▶ **To do**:
Give again, unaltered, the lines of the listing below that run from the line having "- B) = cross" through the line having "unfolding cross_def inner_complex_def".

▶ **Exercise materials**:
(* Let $K_{w,F}$ be an allowed folded ribbon unknot whose knot diagram $K$ is a nondegenerate triangle (a 3-stick unknot) and such that the folds at all three vertices are of the same type. Then $\frac{w}{2}\le r_{in}$, where $r_{in}$ is the inradius of the triangle $K$.
   Context: For an oriented polygonal knot diagram $K$ with vertices $v_1,v_2,v_3$ and edges $e_i=[v_i,v_{i+1}]$ (indices mod 3), the fold angle $\theta_i\in[0,\pi]$ at $v_i$ is the angle between $e_{i-1}$ and $e_i$. The folded ribbon $K_w$ of width $w$ is built by placing at each $v_i$ a fold line of length $w/\cos(\theta_i/2)$ centered at $v_i$ perpendicular to the bisector of $\theta_i$, and joining ends of consecutive fold lines by boundary segments parallel to and at distance $w/2$ from $K$ (so the ribbon along each edge is the strip of points within distance $w/2$ of the edge's line, bounded by the fold lines). Folding information $F$ records at each vertex whether the ribbon of $e_i$ lies over (overfold) or under (underfold) the ribbon of $e_{i-1}$; the folds are of the same type if all are overfolds or all are underfolds. $K_{w,F}$ is allowed if the ribbon is immersed away from the fold lines and admits a choice of crossing information (a continuous, antisymmetric, transitive $\pm1$-valued function on pairs of distinct points of the ribbon with the same image in the plane, recording which lies over which) agreeing with $F$. *)

theory Defs
  imports "HOL-Analysis.Analysis"
begin

text \<open>A triangle knot diagram is given by vertices v 0, v 1, v 2 in the plane (complex numbers);
  edge e_i = [v i, v (nxt i)], indices modulo 3.\<close>

definition nxt :: "nat \<Rightarrow> nat" where "nxt i = (i + 1) mod 3"
definition prv :: "nat \<Rightarrow> nat" where "prv i = (i + 2) mod 3"

definition unitv :: "complex \<Rightarrow> complex" where "unitv z = scaleR (1 / norm z) z"

definition fold_angle :: "(nat \<Rightarrow> complex) \<Rightarrow> nat \<Rightarrow> real" where
  "fold_angle v i = arccos (inner (unitv (v (prv i) - v i)) (unitv (v (nxt i) - v i)))"

definition bisector :: "(nat \<Rightarrow> complex) \<Rightarrow> nat \<Rightarrow> complex" where
  "bisector v i = unitv (v (prv i) - v i) + unitv (v (nxt i) - v i)"

definition fold_end :: "(nat \<Rightarrow> complex) \<Rightarrow> real \<Rightarrow> nat \<Rightarrow> real \<Rightarrow> complex" where
  "fold_end v w i s = v i + scaleR (s * w / (2 * cos (fold_angle v i / 2))) (unitv (\<i> * bisector v i))"

definition fold_line :: "(nat \<Rightarrow> complex) \<Rightarrow> real \<Rightarrow> nat \<Rightarrow> complex set" where
  "fold_line v w i = closed_segment (fold_end v w i 1) (fold_end v w i (-1))"

definition edge_line :: "(nat \<Rightarrow> complex) \<Rightarrow> nat \<Rightarrow> complex set" where
  "edge_line v i = {v i + scaleR t (v (nxt i) - v i) | t. True}"

text \<open>The ribbon piece along edge e_i: points within distance w/2 of the line of e_i,
  lying between the fold line at v i (on the side of v (nxt i)) and the fold line at
  v (nxt i) (on the side of v i).  The fold lines are perpendicular to the bisectors,
  so these sides are the half-planes below.\<close>
definition piece :: "(nat \<Rightarrow> complex) \<Rightarrow> real \<Rightarrow> nat \<Rightarrow> complex set" where
  "piece v w i = {p. infdist p (edge_line v i) \<le> w / 2
                    \<and> inner (p - v i) (bisector v i) \<ge> 0
                    \<and> inner (p - v (nxt i)) (bisector v (nxt i)) \<ge> 0}"

text \<open>Points of the abstract ribbon are pairs (i, p) with i < 3 and p in piece i; (i,p) and
  (nxt i, p) are identified when p lies on the common fold line at v (nxt i).\<close>
definition same_pt :: "(nat \<Rightarrow> complex) \<Rightarrow> real \<Rightarrow> nat \<times> complex \<Rightarrow> nat \<times> complex \<Rightarrow> bool" where
  "same_pt v w x y \<longleftrightarrow> snd x = snd y \<and>
     (fst x = fst y
      \<or> (fst y = nxt (fst x) \<and> snd x \<in> fold_line v w (fst y))
      \<or> (fst x = nxt (fst y) \<and> snd x \<in> fold_line v w (fst x)))"

definition dbl :: "(nat \<Rightarrow> complex) \<Rightarrow> real \<Rightarrow> nat \<Rightarrow> nat \<Rightarrow> complex set" where
  "dbl v w i j = {p. p \<in> piece v w i \<and> p \<in> piece v w j \<and> \<not> same_pt v w (i, p) (j, p)}"

text \<open>Immersion away from the fold lines: consecutive fold lines do not cross inside the strip.\<close>
definition immersed :: "(nat \<Rightarrow> complex) \<Rightarrow> real \<Rightarrow> bool" where
  "immersed v w \<longleftrightarrow> (\<forall>i<3.
     open_segment (fold_end v w i 1) (fold_end v w i (-1)) \<inter>
     open_segment (fold_end v w (nxt i) 1) (fold_end v w (nxt i) (-1)) = {})"

text \<open>Crossing information: c i j p = 1 means the ribbon point (i,p) lies over (j,p).\<close>
definition crossing_info :: "(nat \<Rightarrow> complex) \<Rightarrow> real \<Rightarrow> (nat \<Rightarrow> nat \<Rightarrow> complex \<Rightarrow> real) \<Rightarrow> bool" where
  "crossing_info v w c \<longleftrightarrow>
     (\<forall>i<3. \<forall>j<3. \<forall>p\<in>dbl v w i j. c i j p = 1 \<or> c i j p = -1)
   \<and> (\<forall>i<3. \<forall>j<3. \<forall>p\<in>dbl v w i j. c j i p = - c i j p)
   \<and> (\<forall>i<3. \<forall>j<3. \<forall>k<3. \<forall>p. p \<in> dbl v w i j \<and> p \<in> dbl v w j k \<and> p \<in> dbl v w i k
          \<longrightarrow> c i j p = 1 \<longrightarrow> c j k p = 1 \<longrightarrow> c i k p = 1)
   \<and> (\<forall>i<3. \<forall>i'<3. \<forall>j<3. \<forall>p. p \<in> dbl v w i j \<and> p \<in> dbl v w i' j \<and> same_pt v w (i, p) (i', p)
          \<longrightarrow> c i j p = c i' j p)
   \<and> (\<forall>i<3. \<forall>j<3. continuous_on (dbl v w i j) (c i j))"

text \<open>Agreement with folding information F: F i = True means the ribbon of e_i lies over the
  ribbon of e_(i-1) at v i (overfold), False means underfold.\<close>
definition agrees :: "(nat \<Rightarrow> complex) \<Rightarrow> real \<Rightarrow> (nat \<Rightarrow> bool) \<Rightarrow> (nat \<Rightarrow> nat \<Rightarrow> complex \<Rightarrow> real) \<Rightarrow> bool" where
  "agrees v w F c \<longleftrightarrow> (\<forall>i<3. \<exists>\<epsilon>>0. \<forall>p\<in>dbl v w (prv i) i.
       infdist p (fold_line v w i) < \<epsilon> \<longrightarrow> c i (prv i) p = (if F i then 1 else -1))"

definition allowed :: "(nat \<Rightarrow> complex) \<Rightarrow> real \<Rightarrow> (nat \<Rightarrow> bool) \<Rightarrow> bool" where
  "allowed v w F \<longleftrightarrow> w > 0 \<and> immersed v w \<and> (\<exists>c. crossing_info v w c \<and> agrees v w F c)"

definition inradius :: "complex \<Rightarrow> complex \<Rightarrow> complex \<Rightarrow> real" where
  "inradius a b c = Sup {r. \<exists>z. cball z r \<subseteq> convex hull {a, b, c}}"

end

theory Submission
  imports Defs
begin

text \<open>If \<open>w/2\<close> exceeded the inradius, the incenter \<open>I\<close> would lie within \<open>w/2\<close> of all three
  edge lines and strictly inside the angle at each vertex, hence in all three ribbon pieces and on no
  fold line: a triple point of the ribbon. The segment from a vertex \<open>v k\<close> to \<open>I\<close> stays in the
  double-point set of the two pieces meeting at \<open>v k\<close>, so by continuity the crossing information of
  these two pieces at \<open>I\<close> is the one prescribed by the fold at \<open>v k\<close>. When all folds have the same
  type this says that, at \<open>I\<close>, \<open>e\<^sub>1\<close> lies over \<open>e\<^sub>0\<close>, \<open>e\<^sub>2\<close> over \<open>e\<^sub>1\<close> and \<open>e\<^sub>0\<close> over
  \<open>e\<^sub>2\<close> (or all reversed), which contradicts transitivity.\<close>

section \<open>Planar cross product\<close>

definition cross :: "complex \<Rightarrow> complex \<Rightarrow> real" where
  "cross x y = Re x * Im y - Im x * Re y"

lemma cross_antisym: "cross x y = - cross y x"
  by (simp add: cross_def)

lemma cross_scaleR_left: "cross (r *\<^sub>R x) y = r * cross x y"
  by (simp add: cross_def algebra_simps)

lemma cross_add_scaleR_right: "cross x (a *\<^sub>R x + b *\<^sub>R y) = b * cross x y"
  by (simp add: cross_def algebra_simps)

lemma cross_rotate: "cross (C - B) (A - B) = cross (B - A) (C - A)"
  by (simp add: cross_def algebra_simps)

lemma cross_sq_add_inner_sq: "(cross x y)\<^sup>2 + (inner x y)\<^sup>2 = (norm x)\<^sup>2 * (norm y)\<^sup>2"
  unfolding cross_def inner_complex_def cmod_power2 by (simp add: power2_eq_square algebra_simps)

lemma abs_cross_le: "\<bar>cross x y\<bar> \<le> norm x * norm y"
proof -
  have "(cross x y)\<^sup>2 \<le> (norm x * norm y)\<^sup>2"
    unfolding power_mult_distrib using cross_sq_add_inner_sq[of x y] zero_le_power2[of "inner x y"]
    by linarith
  hence "\<bar>cross x y\<bar> \<le> \<bar>norm x * norm y\<bar>" by (simp only: abs_le_square_iff)
  thus ?thesis by simp
qed

lemma abs_inner_less_if_cross_nonzero:
  assumes "cross x y \<noteq> 0"
  shows "\<bar>inner x y\<bar> < norm x * norm y"
proof -
  have "(inner x y)\<^sup>2 < (norm x * norm y)\<^sup>2"
    unfolding power_mult_distrib using cross_sq_add_inner_sq[of x y] assms
    by (smt (verit) zero_less_power2)
  hence "\<not> \<bar>norm x * norm y\<bar> \<le> \<bar>inner x y\<bar>" by (simp only: abs_le_square_iff not_le)
  thus ?thesis by simp
qed

lemma collinear_iff_cross_eq_0: "collinear {A, B, C} \<longleftrightarrow> cross (B - A) (C - A) = 0"
proof -
  have "collinear {A, B, C} \<longleftrightarrow> collinear {0, B - A, C - A}"
    using collinear_3[of B A C] by (simp add: NO_MATCH_def insert_commute)
  also have "\<dots> \<longleftrightarrow> Im ((C - A) / (B - A)) = 0"
    by (simp add: collinear_iff_Reals complex_is_Real_iff)
  also have "\<dots> \<longleftrightarrow> cross (B - A) (C - A) = 0"
    by (auto simp: Im_divide cross_def algebra_simps)
  finally show ?thesis .
qed

lemma inner_unitv: "inner x (unitv y) = inner x y / norm y"
  by (simp add: unitv_def)

lemma inner_unitv_self: "inner x (unitv x) = norm x"
  by (simp add: unitv_def dot_square_norm power2_eq_square)

lemma inner_bisector_nonneg: "0 \<le> inner x (unitv x + unitv y)"
proof (cases "y = 0")
  case False
  have "- (norm x * norm y) \<le> inner x y" using Cauchy_Schwarz_ineq2[of x y] by linarith
  hence "- norm x \<le> inner x y / norm y" using False by (simp add: field_simps)
  thus ?thesis by (simp add: inner_add_right inner_unitv_self inner_unitv)
qed (simp add: unitv_def)

lemma inner_bisector_pos:
  assumes "cross x y \<noteq> 0"
  shows "0 < inner x (unitv x + unitv y)"
proof -
  have "y \<noteq> 0" using assms by (auto simp: cross_def)
  have "- (norm x * norm y) < inner x y" using abs_inner_less_if_cross_nonzero[OF assms] by linarith
  hence "- norm x < inner x y / norm y" using \<open>y \<noteq> 0\<close> by (simp add: field_simps)
  thus ?thesis by (simp add: inner_add_right inner_unitv_self inner_unitv)
qed

lemma inner_bisector_cone_nonneg:
  "0 \<le> \<alpha> \<Longrightarrow> 0 \<le> \<beta> \<Longrightarrow> 0 \<le> inner (\<alpha> *\<^sub>R x + \<beta> *\<^sub>R y) (unitv x + unitv y)"
  using inner_bisector_nonneg[of x y] inner_bisector_nonneg[of y x]
  by (simp add: inner_add_left add.commute)
text \<open>Threshold rounding: cutting a fractional labelling y at a uniformly distributed level t gives
  binary labellings whose Lagrangians average to the relaxed Lagrangian with pairwise
  variables min (y i p) (y j q).\<close>

lemma dual_fun_le_threshold_average:
  assumes "finite V" "finite P" "E \<subseteq> V \<times> V"
    and y: "\<And>i p. i \<in> V \<Longrightarrow> p \<in> P \<Longrightarrow> 0 \<le> y i p \<and> y i p \<le> 1"
  shows "dual_fun V P E theta1 theta2 M w c K v d lam xi mu
       \<le> lp_objective V P E theta1 theta2 y (\<lambda>i j p q. min (y i p) (y j q))
         + constraint_penalty V P M w c K v d lam xi mu y"
proof -
  define Y where "Y = (\<lambda>t i p. of_bool (i \<in> V \<and> p \<in> P \<and> t < y i p) :: real)"
  have binary: "Y t \<in> binary_labellings V P" for t
    unfolding binary_labellings_def Y_def by auto
  have "((\<lambda>t. Y t i p) has_integral y i p) {0..1}" if "i \<in> V" "p \<in> P" for i p
    using has_integral_threshold[of "y i p"] y[OF that] that unfolding Y_def by simp
  moreover have "((\<lambda>t. Y t i p * Y t j q) has_integral min (y i p) (y j q)) {0..1}"
    if "(i, j) \<in> E" "p \<in> P" "q \<in> P" for i j p q
  proof -
    have ij: "i \<in> V" "j \<in> V" using that assms(3) by auto
    have "(\<lambda>t. Y t i p * Y t j q) = (\<lambda>t. of_bool (t < min (y i p) (y j q)))"
      using ij that unfolding Y_def by auto
    then show ?thesis
      using has_integral_threshold[of "min (y i p) (y j q)"] y[OF ij(1) that(2)] y[OF ij(2) that(3)]
      by (simp add: min_le_iff_disj)
  qed
  ultimately have integral: "((\<lambda>t. lagrangian V P E theta1 theta2 M w c K v d (Y t) lam xi mu)
      has_integral lp_objective V P E theta1 theta2 y (\<lambda>i j p q. min (y i p) (y j q))
         + constraint_penalty V P M w c K v d lam xi mu y) {0..1}"
    unfolding lagrangian_eq_lp_objective_plus_penalty
    using assms(1,2) finite_subset[OF assms(3)]
    by (intro lp_objective_plus_penalty_has_integral) auto
  have "((\<lambda>t::real. dual_fun V P E theta1 theta2 M w c K v d lam xi mu) has_integral
      dual_fun V P E theta1 theta2 M w c K v d lam xi mu) {0..1}"
    using has_integral_const_real[of "dual_fun V P E theta1 theta2 M w c K v d lam xi mu" 0 1] by simp
  from has_integral_le[OF this integral] show ?thesis
    using dual_fun_le_lagrangian[OF assms(1,2) binary] by blast
qed
definition "moment_x i = (\<integral>x. pw (dist x x0) (al i) \<partial>mu)"
definition "moment_y i = (\<integral>y. pw (dist y y0) (be i) \<partial>nu)"
definition "exp_moment = (\<integral>y. exp (lam * dist y y0 powr p) \<partial>nu)"
definition "mean_x = integral\<^sup>L mu c1 + integral\<^sup>L mu ap"
definition "scale_exponent = max (p / (p - Max (insert 0 (be ` {1..N})))) 1"
definition "young_weight = lam / (real N + 1)"
definition "young_const i = (Kp i * moment_x i + Km i) powr (p / (p - be i))
  * young_weight powr (- be i / (p - be i))"
definition "upper_const = M + \<bar>integral\<^sup>L nu c2\<bar> + (\<Sum>i=1..N. Kp i * moment_y i)"
definition "lower_const = \<bar>mean_x\<bar> + M + (\<Sum>i=1..N. young_const i) + ln exp_moment"
definition "bound_const = upper_const + lower_const"

lemma moment_x_nonneg: "0 \<le> moment_x i"
  unfolding moment_x_def by (simp add: pw_nonneg)

lemma moment_y_nonneg: "0 \<le> moment_y i"
  unfolding moment_y_def by (simp add: pw_nonneg)

lemma exp_moment_ge_1: "1 \<le> exp_moment"
proof -
  have "(\<integral>y. 1 \<partial>nu) \<le> exp_moment"
    unfolding exp_moment_def using exp_moment_integrable lam_pos
    by (intro Bochner_Integration.integral_mono) (auto intro: nu.integrable_const)
  then show ?thesis by (simp add: nu.prob_space)
qed

lemma upper_const_nonneg: "0 \<le> upper_const"
  unfolding upper_const_def
  using M_nonneg coeff_bounds moment_y_nonneg by (auto intro!: sum_nonneg add_nonneg_nonneg)

lemma lower_const_nonneg: "0 \<le> lower_const"
  unfolding lower_const_def young_const_def
  using M_nonneg exp_moment_ge_1 by (auto intro!: sum_nonneg add_nonneg_nonneg)

lemma scale_exponent_ge: "1 \<le> scale_exponent" "i \<in> {1..N} \<Longrightarrow> p / (p - be i) \<le> scale_exponent"
proof -
  define Mx where "Mx = Max (insert 0 (be ` {1..N}))"
  have "Mx \<in> insert 0 (be ` {1..N})"
    unfolding Mx_def by (intro Max_in) auto
  then have "Mx < p"
    using p_pos exponent_bounds by auto
  moreover assume "i \<in> {1..N}"
  then have "be i \<le> Mx"
    unfolding Mx_def by (intro Max_ge) auto
  ultimately have "p / (p - be i) \<le> p / (p - Mx)"
    using p_pos by (intro divide_left_mono) auto
  then show "p / (p - be i) \<le> scale_exponent"
    unfolding scale_exponent_def Mx_def by linarith
qed (simp add: scale_exponent_def)

lemma integral_c_x_le:
  "(\<integral>x. c x y \<partial>mu) \<le> mean_x + c2 y + (\<Sum>i=1..N. Kp i * moment_x i * pw (dist y y0) (be i))"
proof -
  have int_sum: "integrable mu (\<lambda>x. \<Sum>i=1..N. Kp i * pw (dist x x0) (al i) * pw (dist y y0) (be i))"
    using integrable_pw_dist_al
    by (intro Bochner_Integration.integrable_sum integrable_mult_left integrable_mult_right) auto
  have "(\<integral>x. c x y \<partial>mu)
      \<le> (\<integral>x. c1 x + ap x + (c2 y + (\<Sum>i=1..N. Kp i * pw (dist x x0) (al i) * pw (dist y y0) (be i))) \<partial>mu)"
    using c1_integrable ap_integrable int_sum by (intro Bochner_Integration.integral_mono integrable_c_x c_upper) auto
  also have "\<dots> = mean_x + c2 y + (\<Sum>i=1..N. Kp i * moment_x i * pw (dist y y0) (be i))"
    using c1_integrable ap_integrable int_sum integrable_pw_dist_al
    by (simp add: Bochner_Integration.integral_sum mean_x_def moment_x_def mu.prob_space)
  finally show ?thesis .
qed

lemma integral_c_y_le: "(\<integral>y. c z y \<partial>nu) \<le> upper_const * (1 + dist z x0 powr p)"
proof -
  define u where "u = 1 + dist z x0 powr p"
  have int_sum: "integrable nu (\<lambda>y. \<Sum>i=1..N. Kp i * pw (dist z x0) (al i) * pw (dist y y0) (be i))"
    using integrable_pw_dist_be
    by (intro Bochner_Integration.integrable_sum integrable_mult_left integrable_mult_right) auto
  have "(\<integral>y. c z y \<partial>nu)
      \<le> (\<integral>y. c1 z + ap z + (c2 y + (\<Sum>i=1..N. Kp i * pw (dist z x0) (al i) * pw (dist y y0) (be i))) \<partial>nu)"
    using c2_integrable int_sum by (intro Bochner_Integration.integral_mono integrable_c_y c_upper) auto
  also have "\<dots> = c1 z + ap z + (integral\<^sup>L nu c2 + (\<Sum>i=1..N. Kp i * pw (dist z x0) (al i) * moment_y i))"
    using c2_integrable int_sum integrable_pw_dist_be
    by (simp add: Bochner_Integration.integral_sum moment_y_def nu.prob_space)
  also have "\<dots> \<le> upper_const * u"
  proof -
    have "c1 z + ap z \<le> M * u"
      using growth_x ap_am_nonneg by (smt (verit) u_def)
    moreover have "integral\<^sup>L nu c2 \<le> \<bar>integral\<^sup>L nu c2\<bar> * u"
      by (smt (verit) u_def abs_ge_zero mult_le_cancel_left1 powr_ge_zero)
    moreover have "(\<Sum>i=1..N. Kp i * pw (dist z x0) (al i) * moment_y i) \<le> (\<Sum>i=1..N. Kp i * moment_y i) * u"
      unfolding sum_distrib_right
    proof (rule sum_mono)
      fix i assume i: "i \<in> {1..N}"
      have "pw (dist z x0) (al i) \<le> u"
        unfolding u_def using exponent_bounds[OF i] p_pos by (intro pw_le_one_plus_powr) auto
      then show "Kp i * pw (dist z x0) (al i) * moment_y i \<le> Kp i * moment_y i * u"
        using coeff_bounds[OF i] moment_y_nonneg[of i]
        by (metis mult.commute mult.left_commute mult_left_mono mult_nonneg_nonneg)
    qed
    ultimately show ?thesis
      unfolding upper_const_def by (simp add: distrib_right)
  qed
  finally show ?thesis by (simp add: u_def)
qed

text \<open>The Young weight is chosen so that the \<open>N\<close> terms \<open>young_weight * |y|^p\<close> together stay
  below \<open>lam * |y|^p\<close>, which is integrable against \<open>exp\<close> by the exponential moment assumption.\<close>
lemma scaled_cost_gap_le:
  assumes s: "1 \<le> s"
  shows "s * (mean_x + c2 y + (\<Sum>i=1..N. Kp i * moment_x i * pw (dist y y0) (be i))) - s * c z y
    \<le> s powr scale_exponent * (lower_const - ln exp_moment) * (1 + dist z x0 powr p)
       + lam * dist y y0 powr p"
proof -
  define u where "u = 1 + dist z x0 powr p"
  define \<delta> where "\<delta> = young_weight"
  have u1: "1 \<le> u" by (simp add: u_def)
  have sr: "s \<le> s powr scale_exponent"
    using powr_mono[OF scale_exponent_ge(1) s] s by simp
  have \<delta>_pos: "0 < \<delta>" and N\<delta>: "real N * \<delta> \<le> lam"
    using lam_pos by (simp_all add: \<delta>_def young_weight_def field_simps)
  have cross: "(\<Sum>i=1..N. s * (Kp i * moment_x i + Km i * pw (dist z x0) (al i)) * pw (dist y y0) (be i))
      \<le> real N * \<delta> * dist y y0 powr p + s powr scale_exponent * (\<Sum>i=1..N. young_const i) * u"
  proof -
    have "(\<Sum>i=1..N. s * (Kp i * moment_x i + Km i * pw (dist z x0) (al i)) * pw (dist y y0) (be i))
        \<le> (\<Sum>i=1..N. \<delta> * dist y y0 powr p + s powr scale_exponent * young_const i * u)"
    proof (rule sum_mono)
      fix i assume i: "i \<in> {1..N}"
      show "s * (Kp i * moment_x i + Km i * pw (dist z x0) (al i)) * pw (dist y y0) (be i)
          \<le> \<delta> * dist y y0 powr p + s powr scale_exponent * young_const i * u"
        unfolding young_const_def u_def \<delta>_def[symmetric]
        using scaled_cross_term_le[OF s scale_exponent_ge(2)[OF i] exponent_bounds(3,4)[OF i]
            exponent_bounds(1,5)[OF i] coeff_bounds[OF i] moment_x_nonneg
            zero_le_dist zero_le_dist \<delta>_pos] .
    qed
    then show ?thesis
      by (simp add: sum.distrib sum_distrib_left sum_distrib_right)
  qed
  have "real N * \<delta> * dist y y0 powr p \<le> lam * dist y y0 powr p"
    using N\<delta> by (intro mult_right_mono) auto
  moreover have "s * (mean_x - c1 z + am z) \<le> s powr scale_exponent * (\<bar>mean_x\<bar> + M) * u"
  proof -
    have "mean_x - c1 z + am z \<le> (\<bar>mean_x\<bar> + M) * u"
      using growth_x ap_am_nonneg u1 by (smt (verit) u_def mult_le_cancel_left1 distrib_right)
    then have "s * (mean_x - c1 z + am z) \<le> s * ((\<bar>mean_x\<bar> + M) * u)"
      using s by (intro mult_left_mono) auto
    also have "\<dots> \<le> s powr scale_exponent * ((\<bar>mean_x\<bar> + M) * u)"
      using sr M_nonneg u1 by (intro mult_right_mono) auto
    finally show ?thesis by (simp add: mult.assoc)
  qed
  moreover have "s * (c1 z + c2 y - am z - (\<Sum>i=1..N. Km i * pw (dist z x0) (al i) * pw (dist y y0) (be i)))
      \<le> s * c z y"
    using c_lower s by (intro mult_left_mono) auto
  moreover have "s * (\<Sum>i=1..N. Kp i * moment_x i * pw (dist y y0) (be i))
      + s * (\<Sum>i=1..N. Km i * pw (dist z x0) (al i) * pw (dist y y0) (be i))
      = (\<Sum>i=1..N. s * (Kp i * moment_x i + Km i * pw (dist z x0) (al i)) * pw (dist y y0) (be i))"
    by (simp add: sum_distrib_left sum.distrib[symmetric] algebra_simps)
  ultimately show ?thesis
    using cross unfolding lower_const_def u_def by (simp add: algebra_simps)
qed


context
  fixes s :: real and f :: "'a \<Rightarrow> real"
  assumes scale: "1 \<le> s" and f_integrable: "integrable mu f"
    and fc_L1: "ereal_L1 nu (cconj mu (\<lambda>x y. s * c x y) (\<lambda>x. ereal (f x)))"
begin
(* Let $p\colon E\to B$ be an arc-hedgehog covering where $E$ and $B$ are Peano spaces. If $B$ is metrizable, then $E$ is metrizable.
   Context: All maps are continuous. A Peano space is a connected, locally path-connected space. For a class $\mathcal{P}$ of spaces, $p\colon E\to B$ is a $\mathcal{P}$-covering if for every $e_0\in E$, $X\in\mathcal{P}$, $x_0\in X$ and map $f\colon X\to B$ with $f(x_0)=p(e_0)$ there is a unique map $g\colon X\to E$ with $p\circ g=f$, $g(x_0)=e_0$. A directed wedge is $(Z,z_0)=\bigvee_{s\in S}(Z_s,z_s)$, a wedge of pointed Peano spaces indexed by a directed set $S$, topologized so that $U\subset Z\setminus\{z_0\}$ is open iff each $U\cap Z_s$ is open, and $U\ni z_0$ is an open neighborhood of $z_0$ iff each $U\cap Z_s$ is open and there is $t\in S$ with $Z_s\subset U$ for all $s>t$. An arc-hedgehog is a directed wedge with each $(Z_s,z_s)\cong([0,1],0)$; an arc-hedgehog covering is a $\mathcal{P}$-covering for $\mathcal{P}$ the class of all arc-hedgehogs. *)

theory Defs
  imports "HOL-Analysis.Analysis"
begin

definition peano_space :: "'a topology \<Rightarrow> bool" where
  "peano_space X \<longleftrightarrow> connected_space X \<and> locally_path_connected_space X"

definition directed_set :: "'i set \<Rightarrow> ('i \<Rightarrow> 'i \<Rightarrow> bool) \<Rightarrow> bool" where
  "directed_set S le \<longleftrightarrow> S \<noteq> {} \<and> (\<forall>s\<in>S. le s s)
     \<and> (\<forall>r\<in>S. \<forall>s\<in>S. \<forall>t\<in>S. le r s \<longrightarrow> le s t \<longrightarrow> le r t)
     \<and> (\<forall>s\<in>S. \<forall>t\<in>S. \<exists>u\<in>S. le s u \<and> le t u)"

text \<open>Arc-hedgehog over index set S: the wedge of copies of ([0,1],0), one for each s in S.
  Points: the wedge point (None, 0) and (Some s, t) for s in S, 0 < t <= 1.
  The spoke Z_s is identified with [0,1] via t \<mapsto> hedge_pt s t.\<close>
definition hedge_pt :: "'i \<Rightarrow> real \<Rightarrow> 'i option \<times> real" where
  "hedge_pt s t = (if t = 0 then (None, 0) else (Some s, t))"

▶ **Reply**:
lemma cross_rotate: "cross (C - B) (A - B) = cross (B - A) (C - A)"
  by (simp add: cross_def algebra_simps)

lemma cross_sq_add_inner_sq: "(cross x y)\<^sup>2 + (inner x y)\<^sup>2 = (norm x)\<^sup>2 * (norm y)\<^sup>2"
  unfolding cross_def inner_complex_def cmod_power2 by (simp add: power2_eq_square algebra_simps)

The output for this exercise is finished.